Quantification of SIV RNA and total SIV DNA
Viral RNA (vRNA) was isolated from plasma using a QIAamp viral RNA mini kit (Qiagen, Valencia, CA, United States). Total viral DNA (vDNA) was extracted from monkey peripheral blood mononuclear cells (PBMCs) using a QIAamp blood DNA mini kit (Qiagen, Valencia, CA, United States) as previously reported 19. Viral RNA was subjected to quantitative real-time reverse transcription-PCR (qRT-PCR) on an ABI 9700 real-time PCR system (Applied Biosystems) using the following primers and probe: Gag91 forward primer: 5¢–GCA GAG GAG GAA ATT ACC CAG TAC–3¢; Gag91 reverse primer: 5¢–CAA TTT TAC CCA GGC ATT TAA TGT T–3¢; Probe: 5’-(FAM)-ACC TGC CAT TAA GCC CGA—(MGB)-3’. The copy numbers were estimated by comparison to a pGEM-SIV gag477 standard curve. The limits of detection were 100 copy equivalents of RNA or DNA per ml of plasma. Triplicate test reactions were performed for each sample.
Flow cytometry
Aliquots (50 μl) of EDTA-treated whole blood were stained with monoclonal antibodies to CD3 PerCP (SP34-2, BD Biosciences, 552851), CD4 FITC (OKT-4, Biolegend, 317408), and CD8 PE (RPA-T8, BD Biosciences, 555367). CD4+ T-cell counts were determined with BD Trucount tubes according to the manufacturer′s instructions (BD Biosciences, CA, USA). PBMCs were isolated using conventional Ficoll-Hypaque density gradient centrifugation (GE Healthcare, Uppsala, Sweden). Polychromatic flow cytometry was performed to quantitate activated CD4+ or CD8+ T lymphocytes (Suppl. Fig. 1) and CD4+ or CD8+ memory T lymphocyte subsets (Suppl. Fig. 2). Activated or memory T lymphocyte subsets (Table 1) from 1×106 PBMCs were stained with anti-CD3 BV605 (SP34-2, BD Biosciences, 562994), anti-CD4 BV711 (OKT-4, Biolegend, 317440), anti-CD8 PE (RPA-T8, BD Biosciences, 557086), anti-CCR7 BV421 (G043H7, Biolegend, 352208), anti-CD45RA APC (5H9, BD Biosciences, 561210), anti-CD38 FITC (AT-1, Stemcell, 60131FI), anti-HLA-DR BV510 (G46-6, BD Biosciences, 563083), and anti-PD-1 PerCP-cy5.5 (EH12.2H7, Biolegend, 329914) monoclonal antibodies. Cells were resuspended in 1% paraformaldehyde, subjected to flow cytometry within 24 h on a FACSAriaII (BD Biosciences, CA, U.S.) and analyzed using FlowJo V10 software.
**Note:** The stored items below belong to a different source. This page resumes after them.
definition lower_triangular :: "'a::zero mat \<Rightarrow> bool" where
  "lower_triangular A \<longleftrightarrow> (\<forall>i < dim_row A. \<forall>j < dim_col A. i < j \<longrightarrow> A $$ (i,j) = 0)"

end

theory Submission
  imports Defs "Jordan_Normal_Form.Determinant"
begin

text \<open>Passing to the coordinates \<open>b = B c\<close> with the upper unitriangular binomial matrix
  \<open>B = (j choose i)\<close> turns \<open>T\<close> into a lower bidiagonal matrix \<open>L\<close>, i.e. \<open>B T = L B\<close>.
  Entrywise this is a binomial identity that follows from Pascal's rule and the absorption
  identity \<open>k (n choose k) = n ((n - 1) choose (k - 1))\<close>. As \<open>det B = 1\<close>, \<open>T\<close> is similar
  to \<open>L\<close>, and \<open>T c = \<lambda> c\<close> iff \<open>L b = \<lambda> b\<close>, which row by row is the stated recurrence.\<close>

lemma inverse_mat_if_det_nonzero:
  fixes A :: "'a::field mat"
  assumes "A \<in> carrier_mat n n" and "det A \<noteq> 0"
  obtains B where "B \<in> carrier_mat n n" "B * A = 1\<^sub>m n" "A * B = 1\<^sub>m n"
  using det_non_zero_imp_unit[OF assms, unfolded Units_def, of "()"] that
  by (auto simp: ring_mat_def)

lemma intertwining_similar_mat:
  fixes B T M :: "'a::field mat"
  assumes B: "B \<in> carrier_mat n n" "det B \<noteq> 0"
    and T: "T \<in> carrier_mat n n" and M: "M \<in> carrier_mat n n"
    and BT: "B * T = M * B"
  shows "similar_mat T M"
proof -
  obtain B' where B': "B' \<in> carrier_mat n n" "B' * B = 1\<^sub>m n" "B * B' = 1\<^sub>m n"
    using inverse_mat_if_det_nonzero[OF B] .
  have "B' * M * B = B' * (B * T)"
    using B B' M by (simp add: BT assoc_mult_mat[of _ n n _ n _ n])
  also have "\<dots> = T"
    using B B' T by (simp flip: assoc_mult_mat[of _ n n _ n _ n])
  finally have "similar_mat_wit T M B' B"
    using B B' T M by (intro similar_mat_witI) auto
  then show ?thesis unfolding similar_mat_def by blast
qed
lemma dim_vanish_off:
  assumes "finite X"
  shows "vector_space.dim (cscale :: 'k::field \<Rightarrow> ('b \<Rightarrow> 'k) \<Rightarrow> ('b \<Rightarrow> 'k)) (vanish_off X) = card X"
proof -
  interpret vector_space "cscale :: 'k \<Rightarrow> ('b \<Rightarrow> 'k) \<Rightarrow> ('b \<Rightarrow> 'k)" by (rule vector_space_cscale)
  have "dim (vanish_off X :: ('b \<Rightarrow> 'k) set) = card (unit_vec ` X :: ('b \<Rightarrow> 'k) set)"
    using dim_span_eq_card_independent[OF independent_unit_vec[OF assms]]
    by (simp only: span_unit_vec[OF assms])
  also have "\<dots> = card X" by (rule card_image) (rule inj_on_subset[OF inj_unit_vec], simp)
  finally show ?thesis .
qed

lemma span_tens_vanish_off:
  assumes "finite X" "finite Y"
  shows "module.span cscale {tens u v | u v. u \<in> vanish_off X \<and> v \<in> vanish_off Y}
    = (vanish_off (X \<times> Y) :: ('b \<times> 'b \<Rightarrow> 'k::field) set)"
    (is "module.span cscale ?G = _")
proof -
  interpret vector_space "cscale :: 'k \<Rightarrow> ('b \<times> 'b \<Rightarrow> 'k) \<Rightarrow> ('b \<times> 'b \<Rightarrow> 'k)"
    by (rule vector_space_cscale)
  show ?thesis
  proof
    show "span ?G \<subseteq> vanish_off (X \<times> Y)"
      by (rule span_minimal[OF _ subspace_vanish_off]) (auto simp: vanish_off_def tens_def)
    have "unit_vec ` (X \<times> Y) \<subseteq> ?G"
    proof
      fix z :: "'b \<times> 'b \<Rightarrow> 'k" assume "z \<in> unit_vec ` (X \<times> Y)"
      then obtain x y where "x \<in> X" "y \<in> Y" "z = unit_vec (x, y)" by auto
      moreover have "unit_vec (x, y) = tens (unit_vec x) (unit_vec y :: 'b \<Rightarrow> 'k)"
        by (auto simp: tens_def unit_vec_def)
      ultimately show "z \<in> ?G" by (blast intro: unit_vec_in_vanish_off)
    qed
    then have "span (unit_vec ` (X \<times> Y)) \<subseteq> span ?G" by (rule span_mono)
    then show "vanish_off (X \<times> Y) \<subseteq> span ?G"
      using span_unit_vec[of "X \<times> Y", where 'k = 'k] assms by simp
  qed
qed

section \<open>Counting with permutations\<close>

lemma card_filter_conj_add:
  "finite X \<Longrightarrow> card {x\<in>X. P x \<and> Q x} + card {x\<in>X. P x \<and> \<not> Q x} = card {x\<in>X. P x}"
  by (subst card_Un_disjoint[symmetric]) (auto intro: arg_cong[where f = card])

lemma card_permutes_filter:
  assumes "W permutes {1..d}"
  shows "card {j\<in>{1..d}. P (W j)} = card {m\<in>{1..(d::nat)}. P m}"
proof -
  have "{j\<in>{1..d}. P (W j)} = W -` {m\<in>{1..d}. P m}"
    using permutes_in_image[OF assms] by blast
  also have "card \<dots> = card {m\<in>{1..d}. P m}"
    using permutes_bij[OF assms] by (intro card_vimage_inj) (auto simp: bij_def)
  finally show ?thesis .
qed
lemma normF_tendsto_zero_imp_coordinate:
  assumes "(\<lambda>m. normF F (w m)) \<longlonglongrightarrow> 0"
  shows "(\<lambda>m. w m k) \<longlonglongrightarrow> 0"
proof -
  have "(\<lambda>m. ereal \<bar>w m k\<bar>) \<longlonglongrightarrow> 0"
    by (rule tendsto_sandwich[of "\<lambda>_. 0" _ _ "\<lambda>m. normF F (w m)"]) (use assms abs_le_normF in auto)
  then have "(\<lambda>m. \<bar>w m k\<bar>) \<longlonglongrightarrow> 0" by (simp add: zero_ereal_def)
  then show ?thesis by (simp add: tendsto_rabs_zero_iff)
qed

lemma inX_tail_small:
  assumes "inX F v" "0 < \<delta>"
  obtains L where "\<And>t. t \<in> F \<Longrightarrow> \<forall>a\<in>t. L \<le> a \<Longrightarrow> (\<Sum>k\<in>t. \<bar>v k\<bar>) < \<delta>"
proof -
  have "\<forall>\<^sub>F n in sequentially. normF F (\<lambda>k. if k < n then 0 else v k) < ereal \<delta>"
    using assms unfolding inX_def by (intro order_tendstoD(2)) auto
  then obtain L where L: "normF F (\<lambda>k. if k < L then 0 else v k) < ereal \<delta>"
    by (auto simp: eventually_sequentially)
  have "(\<Sum>k\<in>t. \<bar>v k\<bar>) < \<delta>" if "t \<in> F" "\<forall>a\<in>t. L \<le> a" for t
  proof -
    have "(\<Sum>k\<in>t. \<bar>v k\<bar>) = (\<Sum>k\<in>t. \<bar>if k < L then 0 else v k\<bar>)"
      using that(2) by (intro sum.cong) auto
    moreover have "ereal (\<Sum>k\<in>t. \<bar>if k < L then 0 else v k\<bar>) < ereal \<delta>"
      using sum_abs_le_normF[OF that(1)] L by (rule le_less_trans)
    ultimately show ?thesis by simp
  qed
  then show ?thesis using that by blast
qed

lemma cesaro_mean_tendsto:
  fixes u :: "nat \<Rightarrow> real"
  assumes "u \<longlonglongrightarrow> L"
  shows "(\<lambda>m. (\<Sum>i<Suc m. u i) / real (Suc m)) \<longlonglongrightarrow> L"
proof -
  define v where "v i = u i - L" for i
  have v: "v \<longlonglongrightarrow> 0" using assms unfolding v_def by (simp add: LIM_zero)
  have mean: "(\<Sum>i<Suc m. u i) / real (Suc m) = L + (\<Sum>i<Suc m. v i) / real (Suc m)" for m
    by (simp add: v_def sum_subtractf field_simps)
  have "(\<lambda>m. (\<Sum>i<Suc m. v i) / real (Suc m)) \<longlonglongrightarrow> 0"
  proof (rule LIMSEQ_I)
    fix e :: real assume e: "0 < e"
    obtain N where N: "\<forall>i\<ge>N. \<bar>v i\<bar> < e/2" using LIMSEQ_D[OF v, of "e/2"] e by auto
    define C where "C = (\<Sum>i<N. \<bar>v i\<bar>)"
    obtain K :: nat where K: "2 * C / e < real K" using reals_Archimedean2 by blast
    have "\<bar>(\<Sum>i<Suc m. v i) / real (Suc m)\<bar> < e" if m: "max N K \<le> m" for m
    proof -
      have split: "{..<Suc m} = {..<N} \<union> {N..<Suc m}" using m by auto
      have "\<bar>\<Sum>i<Suc m. v i\<bar> \<le> (\<Sum>i<Suc m. \<bar>v i\<bar>)" by (rule sum_abs)
      also have "\<dots> = C + (\<Sum>i\<in>{N..<Suc m}. \<bar>v i\<bar>)"
        unfolding split C_def by (rule sum.union_disjoint) auto
      also have "(\<Sum>i\<in>{N..<Suc m}. \<bar>v i\<bar>) \<le> (\<Sum>i\<in>{N..<Suc m}. e/2)"
        using N by (intro sum_mono) auto
      also have "\<dots> \<le> real (Suc m) * (e/2)" using e by simp
      finally have "\<bar>\<Sum>i<Suc m. v i\<bar> \<le> C + real (Suc m) * (e/2)" by simp
      have "2 * C < e * real K" using K e by (simp add: field_simps)
      also have "\<dots> \<le> e * real (Suc m)" using m e by simp
      finally have "C < real (Suc m) * (e/2)" by (simp add: algebra_simps)
      with \<open>\<bar>\<Sum>i<Suc m. v i\<bar> \<le> C + real (Suc m) * (e/2)\<close> show ?thesis
        by (simp add: divide_less_eq mult.commute)
    qed
    then show "\<exists>no. \<forall>m\<ge>no. norm ((\<Sum>i<Suc m. v i) / real (Suc m) - 0) < e"
      by (metis real_norm_def diff_zero)
  qed
  then show ?thesis unfolding mean using tendsto_add[of "\<lambda>_. L" L] by fastforce
qed

lemma bounded_imp_coordinatewise_convergent_subseq:
  fixes x :: "nat \<Rightarrow> nat \<Rightarrow> real"
  assumes bounded: "\<forall>n k. \<bar>x n k\<bar> \<le> B"
  obtains \<psi> z where "strict_mono \<psi>" "\<And>k. (\<lambda>n. x (\<psi> n) k) \<longlonglongrightarrow> z k"
proof -
  interpret S: subseqs "\<lambda>k r. \<exists>l. (\<lambda>i. x (r i) k) \<longlonglongrightarrow> l"
  proof unfold_locales
    fix k and s :: "nat \<Rightarrow> nat"
    have "bounded (range (\<lambda>i. x (s i) k))" unfolding bounded_iff using bounded by auto
    then obtain l r where "strict_mono (r :: nat \<Rightarrow> nat)" "((\<lambda>i. x (s i) k) \<circ> r) \<longlonglongrightarrow> l"
      using bounded_imp_convergent_subsequence by blast
    then show "\<exists>r'. strict_mono r' \<and> (\<exists>l. (\<lambda>i. x ((s \<circ> r') i) k) \<longlonglongrightarrow> l)"
      by (auto simp: o_def)
  qed
  have "\<forall>k. \<exists>l. (\<lambda>n. x (S.diagseq n) k) \<longlonglongrightarrow> l"
  proof
    fix k
    have "\<exists>l. (\<lambda>i. x ((S.diagseq \<circ> (+) (Suc k)) i) k) \<longlonglongrightarrow> l"
    proof (rule S.diagseq_holds)
      fix r s n
      assume "strict_mono (r :: nat \<Rightarrow> nat)" "\<exists>l. (\<lambda>i. x (s i) n) \<longlonglongrightarrow> l"
      then obtain l where "(\<lambda>i. x (s i) n) \<longlonglongrightarrow> l" by blast
      from LIMSEQ_subseq_LIMSEQ[OF this \<open>strict_mono r\<close>]
      show "\<exists>l. (\<lambda>i. x ((s \<circ> r) i) n) \<longlonglongrightarrow> l" by (auto simp: o_def)
    qed
    then obtain l where "(\<lambda>i. x (S.diagseq (i + Suc k)) k) \<longlonglongrightarrow> l" by (auto simp: o_def add.commute)
    then have "(\<lambda>i. x (S.diagseq i) k) \<longlonglongrightarrow> l" by (rule LIMSEQ_offset)
    then show "\<exists>l. (\<lambda>n. x (S.diagseq n) k) \<longlonglongrightarrow> l" by blast
  qed
  then obtain z where "\<forall>k. (\<lambda>n. x (S.diagseq n) k) \<longlonglongrightarrow> z k" by (rule choice[THEN exE])
  then show ?thesis using that S.subseq_diagseq by blast
qed

lemma inX_eventually_small_on_blocks:
  assumes v: "inX F v" and T: "block_sequence T" and TF: "\<forall>\<^sub>F n in sequentially. T n \<in> F"
    and \<delta>: "0 < \<delta>"
  shows "\<forall>\<^sub>F n in sequentially. (\<Sum>k\<in>T n. \<bar>v k\<bar>) \<le> \<delta>"
proof -
  obtain L where L: "\<And>t. t \<in> F \<Longrightarrow> \<forall>a\<in>t. L \<le> a \<Longrightarrow> (\<Sum>k\<in>t. \<bar>v k\<bar>) < \<delta>"
    using inX_tail_small[OF v \<delta>] by blast
  have "\<forall>\<^sub>F n in sequentially. \<forall>a\<in>T n. L \<le> a"
    using eventually_ge_at_top[of L]
    by eventually_elim (meson block_sequence_ge_index[OF T] order_trans)
  with TF show ?thesis by eventually_elim (use L in fastforce)
qed

lemma eventually_sum_abs_diff_le:
  fixes X :: "nat \<Rightarrow> 'a \<Rightarrow> real"
  assumes "\<And>k. (\<lambda>n. X n k) \<longlonglongrightarrow> z k" "0 < \<delta>"
  shows "\<forall>\<^sub>F n in sequentially. (\<Sum>k\<in>t. \<bar>X n k - z k\<bar>) \<le> \<delta>"
proof -
  have "(\<lambda>n. \<Sum>k\<in>t. \<bar>X n k - z k\<bar>) \<longlonglongrightarrow> 0"
    by (intro tendsto_null_sum tendsto_rabs_zero) (simp add: LIM_zero assms(1))
  from order_tendstoD(2)[OF this assms(2)] show ?thesis by (rule eventually_mono) simp
qed

lemma gliding_hump_subseq_exists:
  assumes c: "0 < c" and conv: "\<And>k. (\<lambda>n. X n k) \<longlonglongrightarrow> z k" and X: "\<And>n. inX F (X n)"
    and T: "block_sequence T" and TF: "\<forall>\<^sub>F n in sequentially. T n \<in> F"
  obtains r where "strict_mono r" "gliding_hump c (X \<circ> r) z (T \<circ> r)"
proof -
  \<comment> \<open>The index r (q+1) is chosen so that each X p with p \<le> r q has mass at most c/2^p on
    T (r (q+1)), and X (r (q+1)) is c/2^(q+1)-close to z on each T p with p \<le> r q.\<close>
  define Q where "Q q m n \<longleftrightarrow> (\<forall>p\<in>{..m}. (\<Sum>k\<in>T n. \<bar>X p k\<bar>) \<le> c * (1/2)^p \<and>
      (\<Sum>k\<in>T p. \<bar>X n k - z k\<bar>) \<le> c * (1/2)^Suc q)" for q m n
  have "\<forall>\<^sub>F n in sequentially. m < n \<and> Q q m n" for q m
    unfolding Q_def using c
    by (intro eventually_conj eventually_gt_at_top eventually_ball_finite ballI
        inX_eventually_small_on_blocks[OF X T TF] eventually_sum_abs_diff_le[OF conv]) auto
  then have step: "\<exists>n. m < n \<and> Q q m n" for q m
    by (simp add: eventually_sequentially) (meson le_refl)
  define r where "r = rec_nat 0 (\<lambda>q rq. SOME n. rq < n \<and> Q q rq n)"
  have r_step: "r q < r (Suc q) \<and> Q q (r q) (r (Suc q))" for q
    unfolding r_def using someI_ex[OF step] by simp
  then have r: "strict_mono r" by (simp add: strict_mono_Suc_iff)
  have "gliding_hump c (X \<circ> r) z (T \<circ> r)"
    unfolding gliding_hump_def o_def
  proof (intro allI impI conjI)
    fix p q :: nat
    assume "p < q"
    then obtain q0 where q0: "q = Suc q0" "p \<le> q0" by (cases q) auto
    then have "r p \<in> {..r q0}" using r by (simp add: strict_mono_less_eq)
    then have "(\<Sum>k\<in>T (r q). \<bar>X (r p) k\<bar>) \<le> c * (1/2)^(r p)"
      and earlier: "(\<Sum>k\<in>T (r p). \<bar>X (r q) k - z k\<bar>) \<le> c * (1/2)^q"
      using r_step[of q0] q0(1) unfolding Q_def by auto
    moreover have "c * (1/2)^(r p) \<le> c * (1/2)^p"
      using c seq_suble[OF r, of p] by (intro mult_left_mono power_decreasing) auto
    ultimately show "(\<Sum>k\<in>T (r q). \<bar>X (r p) k\<bar>) \<le> c * (1/2)^p" by linarith
    show "(\<Sum>k\<in>T (r p). \<bar>X (r q) k - z k\<bar>) \<le> c * (1/2)^q" by (fact earlier)
  qed
  with r show ?thesis using that by blast
qed

lemma normF_cesaro_limit_eq:
  assumes lim: "(\<lambda>m. normF F (\<lambda>k. (\<Sum>i<Suc m. X i k) / real (Suc m) - y k)) \<longlonglongrightarrow> 0"
    and conv: "\<And>k. (\<lambda>n. X n k) \<longlonglongrightarrow> z k"
  shows "y = z"
proof
  fix k
  have "(\<lambda>m. (\<Sum>i<Suc m. X i k) / real (Suc m) - y k) \<longlonglongrightarrow> 0"
    by (rule normF_tendsto_zero_imp_coordinate[OF lim])
  moreover have "(\<lambda>m. (\<Sum>i<Suc m. X i k) / real (Suc m) - y k) \<longlonglongrightarrow> z k - y k"
    by (intro tendsto_diff cesaro_mean_tendsto conv tendsto_const)
  ultimately show "y k = z k" using LIMSEQ_unique by fastforce
qed

lemma cesaro_means_not_tendsto:
  assumes contains: "eventually_contains F (otimes G schreier)"
    and T: "block_sequence T" "\<And>n. T n \<in> G"
    and hump: "gliding_hump (\<epsilon> / 8) X z T"
    and large: "\<And>n. \<epsilon> \<le> (\<Sum>k\<in>T n. \<bar>X n k\<bar>)" and \<epsilon>: "0 < \<epsilon>"
    and conv: "\<And>k. (\<lambda>n. X n k) \<longlonglongrightarrow> z k" and y: "inX F y"
  shows "\<not> (\<lambda>m. normF F (\<lambda>k. (\<Sum>i<Suc m. X i k) / real (Suc m) - y k)) \<longlonglongrightarrow> 0"
proof
  define mean where "mean m k = (\<Sum>i<Suc m. X i k) / real (Suc m)" for m k
  assume lim: "(\<lambda>m. normF F (\<lambda>k. (\<Sum>i<Suc m. X i k) / real (Suc m) - y k)) \<longlonglongrightarrow> 0"
  then have y_eq: "y = z" using conv by (rule normF_cesaro_limit_eq)
  define \<delta> where "\<delta> = \<epsilon> / 16"
  have \<delta>: "0 < \<delta>" using \<epsilon> by (simp add: \<delta>_def)
  obtain m1 where m1: "\<And>m. m \<ge> m1 \<Longrightarrow> normF F (\<lambda>k. mean m k - z k) < ereal \<delta>"
    using order_tendstoD(2)[OF lim, of "ereal \<delta>"] \<delta> y_eq
    by (auto simp: eventually_sequentially zero_ereal_def mean_def)
  obtain L where L: "\<And>t. t \<in> F \<Longrightarrow> \<forall>a\<in>t. L \<le> a \<Longrightarrow> (\<Sum>k\<in>t. \<bar>z k\<bar>) < \<delta>"
    using inX_tail_small[OF y \<delta>] y_eq by blast
  obtain N where N: "\<And>u. u \<in> otimes G schreier \<Longrightarrow> finite u \<Longrightarrow> \<forall>a\<in>u. N \<le> a \<Longrightarrow> u \<in> F"
    using contains unfolding eventually_contains_def by blast
  define m where "m = max m1 (max L N)"
  define U where "U = (\<Union>i\<le>m. T (Suc m + i))"
  have above: "m < a" if "a \<in> U" for a
    using that block_sequence_ge_index[OF T(1)] unfolding U_def by fastforce
  have "U \<in> otimes G schreier"
    unfolding U_def using T by (rule block_sequence_union_in_otimes)
  moreover have "finite U" using T(1) unfolding U_def block_sequence_def by blast
  ultimately have "U \<in> F" using N above unfolding m_def by fastforce
  then have "(\<Sum>k\<in>U. \<bar>z k\<bar>) < \<delta>" using L above unfolding m_def by fastforce
  moreover have "(\<Sum>k\<in>U. \<bar>mean (m + Suc m) k - z k\<bar>) < \<delta>"
    using le_less_trans[OF sum_abs_le_normF[OF \<open>U \<in> F\<close>] m1[of "m + Suc m"]] by (simp add: m_def)
  moreover have "\<epsilon> / 2 - 2 * (\<epsilon> / 8) - (\<Sum>k\<in>U. \<bar>z k\<bar>) \<le> (\<Sum>k\<in>U. \<bar>mean (m + Suc m) k - z k\<bar>)"
    unfolding U_def mean_def by (rule gliding_hump_cesaro_lower_bound[OF hump T(1) large])
  ultimately show False using \<epsilon> unfolding \<delta>_def by linarith
qed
Multiplex analysis using Luminex
Blood samples were centrifuged for 10 min at 600 ×g, and serum was immediately aliquoted and stored at ˗80°C. The following 11 cytokines were measured with a Luminex kit according to the manufacturer's instructions: IL-1β, IL-2, IL-6, IL-8, IL-10, IFN-γ, MCP-1, MIP-1β, TNF-α (Merck Millipore, Billerica, Massachusetts, USA, PRCYTOMAG-40K-09C), TGF-β (Merck Millipore, Billerica, Massachusetts, USA, PRCYTOMAG-40K-09C), and IP-10 (EPX01A-40284-901, Carlsbad, CA, USA). After thawing the samples on ice and sufficient mixing, 25 μl of supernatant was loaded into each well of a 96-well plate and mixed with 25 μl of assay buffer and 25 μl of magnetic beads. The plates were incubated with agitation overnight at 4°C. After washing, 25 μl of detection antibody was added to each well and the plate was incubated 1 h at room temperature (RT). Then, 25 μl of streptavidin-PE was added to each well and incubated for 30 min at RT. Next, 150 μl sheath fluid was added to each well after washing. Plates were read on a Luminex® 200 (Bio-Rad, CA, USA) and the data analyzed for median fluorescent intensity (MFI) using a five-parameter logistic method for calculating analyte concentration.
Statistical analysis
Comparisons between the two groups were determined using paired t-tests. Comparison of quantitative variables was assessed with Friedman’s test. The Spearman rank test was used to determine correlations. All data were analyzed using GraphPad Prism 9.0 software (GraphPad Software Inc., San Diego, CA, United States). Significance was set at * p<0.05, ** p<0.01, and *** p<0.001.